* [INSTRUCTIONS FOR THE TASK]: Make an exact copy of the entries below.

* [MATERIAL SHOWN]:
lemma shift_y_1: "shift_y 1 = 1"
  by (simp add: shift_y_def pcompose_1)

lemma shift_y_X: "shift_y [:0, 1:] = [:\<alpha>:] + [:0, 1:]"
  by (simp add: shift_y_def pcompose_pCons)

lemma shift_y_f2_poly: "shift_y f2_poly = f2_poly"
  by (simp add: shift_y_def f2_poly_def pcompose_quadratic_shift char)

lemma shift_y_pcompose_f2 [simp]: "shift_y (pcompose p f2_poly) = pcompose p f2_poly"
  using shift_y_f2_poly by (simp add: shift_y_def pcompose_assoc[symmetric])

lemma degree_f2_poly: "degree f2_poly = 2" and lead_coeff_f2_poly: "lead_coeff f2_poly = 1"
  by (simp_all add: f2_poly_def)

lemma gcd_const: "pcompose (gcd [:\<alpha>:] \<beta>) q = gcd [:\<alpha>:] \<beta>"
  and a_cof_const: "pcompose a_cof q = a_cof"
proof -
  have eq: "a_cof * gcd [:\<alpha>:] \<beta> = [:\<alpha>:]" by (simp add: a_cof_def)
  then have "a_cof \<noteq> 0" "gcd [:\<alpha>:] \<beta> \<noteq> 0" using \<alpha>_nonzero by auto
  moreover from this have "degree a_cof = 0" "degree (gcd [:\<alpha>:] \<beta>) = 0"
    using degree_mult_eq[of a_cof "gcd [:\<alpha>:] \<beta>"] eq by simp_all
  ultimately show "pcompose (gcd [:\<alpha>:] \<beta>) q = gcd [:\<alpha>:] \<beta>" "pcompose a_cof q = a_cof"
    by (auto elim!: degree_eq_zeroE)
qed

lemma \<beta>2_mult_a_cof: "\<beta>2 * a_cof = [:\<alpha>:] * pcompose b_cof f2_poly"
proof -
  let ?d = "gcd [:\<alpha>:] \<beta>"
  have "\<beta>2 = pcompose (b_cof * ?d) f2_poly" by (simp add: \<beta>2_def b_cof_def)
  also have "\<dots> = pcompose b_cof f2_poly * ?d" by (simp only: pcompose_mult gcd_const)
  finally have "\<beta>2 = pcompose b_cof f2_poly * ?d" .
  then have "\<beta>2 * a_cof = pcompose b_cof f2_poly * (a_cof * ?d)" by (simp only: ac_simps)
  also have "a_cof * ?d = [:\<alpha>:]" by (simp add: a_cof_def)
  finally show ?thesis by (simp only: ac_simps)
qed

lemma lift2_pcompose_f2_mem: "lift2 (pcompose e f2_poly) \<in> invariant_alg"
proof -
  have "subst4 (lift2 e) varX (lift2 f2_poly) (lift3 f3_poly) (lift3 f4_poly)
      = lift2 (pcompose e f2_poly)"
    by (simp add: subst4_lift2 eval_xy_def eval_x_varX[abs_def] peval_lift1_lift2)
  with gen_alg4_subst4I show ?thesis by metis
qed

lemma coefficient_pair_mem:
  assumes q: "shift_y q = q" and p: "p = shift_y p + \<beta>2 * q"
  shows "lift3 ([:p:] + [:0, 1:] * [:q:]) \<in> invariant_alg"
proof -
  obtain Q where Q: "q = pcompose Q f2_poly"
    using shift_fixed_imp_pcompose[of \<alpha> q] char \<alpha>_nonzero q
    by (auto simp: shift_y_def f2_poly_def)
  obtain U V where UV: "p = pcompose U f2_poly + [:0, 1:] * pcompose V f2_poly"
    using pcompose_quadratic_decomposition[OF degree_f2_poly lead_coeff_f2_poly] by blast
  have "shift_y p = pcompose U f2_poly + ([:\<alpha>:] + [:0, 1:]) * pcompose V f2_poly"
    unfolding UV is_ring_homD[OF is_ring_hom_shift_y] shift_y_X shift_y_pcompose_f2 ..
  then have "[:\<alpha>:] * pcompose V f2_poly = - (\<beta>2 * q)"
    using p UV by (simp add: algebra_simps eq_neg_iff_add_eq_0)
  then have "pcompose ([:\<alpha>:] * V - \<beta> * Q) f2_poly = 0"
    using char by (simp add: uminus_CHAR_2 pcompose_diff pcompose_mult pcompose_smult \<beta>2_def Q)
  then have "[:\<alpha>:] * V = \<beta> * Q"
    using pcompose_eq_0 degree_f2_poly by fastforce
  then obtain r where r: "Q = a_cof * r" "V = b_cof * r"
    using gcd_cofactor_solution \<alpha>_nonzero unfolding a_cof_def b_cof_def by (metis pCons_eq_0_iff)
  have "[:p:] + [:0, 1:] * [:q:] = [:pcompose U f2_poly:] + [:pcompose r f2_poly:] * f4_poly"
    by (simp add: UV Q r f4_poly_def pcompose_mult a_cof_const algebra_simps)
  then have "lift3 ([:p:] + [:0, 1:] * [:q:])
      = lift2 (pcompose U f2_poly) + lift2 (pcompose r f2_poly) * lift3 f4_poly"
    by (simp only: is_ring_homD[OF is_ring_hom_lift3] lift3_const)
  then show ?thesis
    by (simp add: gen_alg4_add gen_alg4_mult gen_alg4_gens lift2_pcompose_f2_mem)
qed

* [OUTPUT OF THE TASK]:
lemma shift_y_1: "shift_y 1 = 1"
  by (simp add: shift_y_def pcompose_1)

lemma shift_y_X: "shift_y [:0, 1:] = [:\<alpha>:] + [:0, 1:]"
  by (simp add: shift_y_def pcompose_pCons)

lemma shift_y_f2_poly: "shift_y f2_poly = f2_poly"
  by (simp add: shift_y_def f2_poly_def pcompose_quadratic_shift char)

lemma shift_y_pcompose_f2 [simp]: "shift_y (pcompose p f2_poly) = pcompose p f2_poly"
  using shift_y_f2_poly by (simp add: shift_y_def pcompose_assoc[symmetric])

lemma degree_f2_poly: "degree f2_poly = 2" and lead_coeff_f2_poly: "lead_coeff f2_poly = 1"
  by (simp_all add: f2_poly_def)

lemma gcd_const: "pcompose (gcd [:\<alpha>:] \<beta>) q = gcd [:\<alpha>:] \<beta>"
  and a_cof_const: "pcompose a_cof q = a_cof"
proof -
  have eq: "a_cof * gcd [:\<alpha>:] \<beta> = [:\<alpha>:]" by (simp add: a_cof_def)
  then have "a_cof \<noteq> 0" "gcd [:\<alpha>:] \<beta> \<noteq> 0" using \<alpha>_nonzero by auto
  moreover from this have "degree a_cof = 0" "degree (gcd [:\<alpha>:] \<beta>) = 0"
    using degree_mult_eq[of a_cof "gcd [:\<alpha>:] \<beta>"] eq by simp_all
  ultimately show "pcompose (gcd [:\<alpha>:] \<beta>) q = gcd [:\<alpha>:] \<beta>" "pcompose a_cof q = a_cof"
    by (auto elim!: degree_eq_zeroE)
qed

lemma \<beta>2_mult_a_cof: "\<beta>2 * a_cof = [:\<alpha>:] * pcompose b_cof f2_poly"
proof -
  let ?d = "gcd [:\<alpha>:] \<beta>"
  have "\<beta>2 = pcompose (b_cof * ?d) f2_poly" by (simp add: \<beta>2_def b_cof_def)
  also have "\<dots> = pcompose b_cof f2_poly * ?d" by (simp only: pcompose_mult gcd_const)
  finally have "\<beta>2 = pcompose b_cof f2_poly * ?d" .
  then have "\<beta>2 * a_cof = pcompose b_cof f2_poly * (a_cof * ?d)" by (simp only: ac_simps)
  also have "a_cof * ?d = [:\<alpha>:]" by (simp add: a_cof_def)
  finally show ?thesis by (simp only: ac_simps)
qed

lemma lift2_pcompose_f2_mem: "lift2 (pcompose e f2_poly) \<in> invariant_alg"
proof -
  have "subst4 (lift2 e) varX (lift2 f2_poly) (lift3 f3_poly) (lift3 f4_poly)
      = lift2 (pcompose e f2_poly)"
    by (simp add: subst4_lift2 eval_xy_def eval_x_varX[abs_def] peval_lift1_lift2)
  with gen_alg4_subst4I show ?thesis by metis
qed

lemma coefficient_pair_mem:
  assumes q: "shift_y q = q" and p: "p = shift_y p + \<beta>2 * q"
  shows "lift3 ([:p:] + [:0, 1:] * [:q:]) \<in> invariant_alg"
proof -
  obtain Q where Q: "q = pcompose Q f2_poly"
    using shift_fixed_imp_pcompose[of \<alpha> q] char \<alpha>_nonzero q
    by (auto simp: shift_y_def f2_poly_def)
  obtain U V where UV: "p = pcompose U f2_poly + [:0, 1:] * pcompose V f2_poly"
    using pcompose_quadratic_decomposition[OF degree_f2_poly lead_coeff_f2_poly] by blast
  have "shift_y p = pcompose U f2_poly + ([:\<alpha>:] + [:0, 1:]) * pcompose V f2_poly"
    unfolding UV is_ring_homD[OF is_ring_hom_shift_y] shift_y_X shift_y_pcompose_f2 ..
  then have "[:\<alpha>:] * pcompose V f2_poly = - (\<beta>2 * q)"
    using p UV by (simp add: algebra_simps eq_neg_iff_add_eq_0)
  then have "pcompose ([:\<alpha>:] * V - \<beta> * Q) f2_poly = 0"
    using char by (simp add: uminus_CHAR_2 pcompose_diff pcompose_mult pcompose_smult \<beta>2_def Q)
  then have "[:\<alpha>:] * V = \<beta> * Q"
    using pcompose_eq_0 degree_f2_poly by fastforce
  then obtain r where r: "Q = a_cof * r" "V = b_cof * r"
    using gcd_cofactor_solution \<alpha>_nonzero unfolding a_cof_def b_cof_def by (metis pCons_eq_0_iff)
  have "[:p:] + [:0, 1:] * [:q:] = [:pcompose U f2_poly:] + [:pcompose r f2_poly:] * f4_poly"
    by (simp add: UV Q r f4_poly_def pcompose_mult a_cof_const algebra_simps)
  then have "lift3 ([:p:] + [:0, 1:] * [:q:])
      = lift2 (pcompose U f2_poly) + lift2 (pcompose r f2_poly) * lift3 f4_poly"
    by (simp only: is_ring_homD[OF is_ring_hom_lift3] lift3_const)
  then show ?thesis
    by (simp add: gen_alg4_add gen_alg4_mult gen_alg4_gens lift2_pcompose_f2_mem)
qed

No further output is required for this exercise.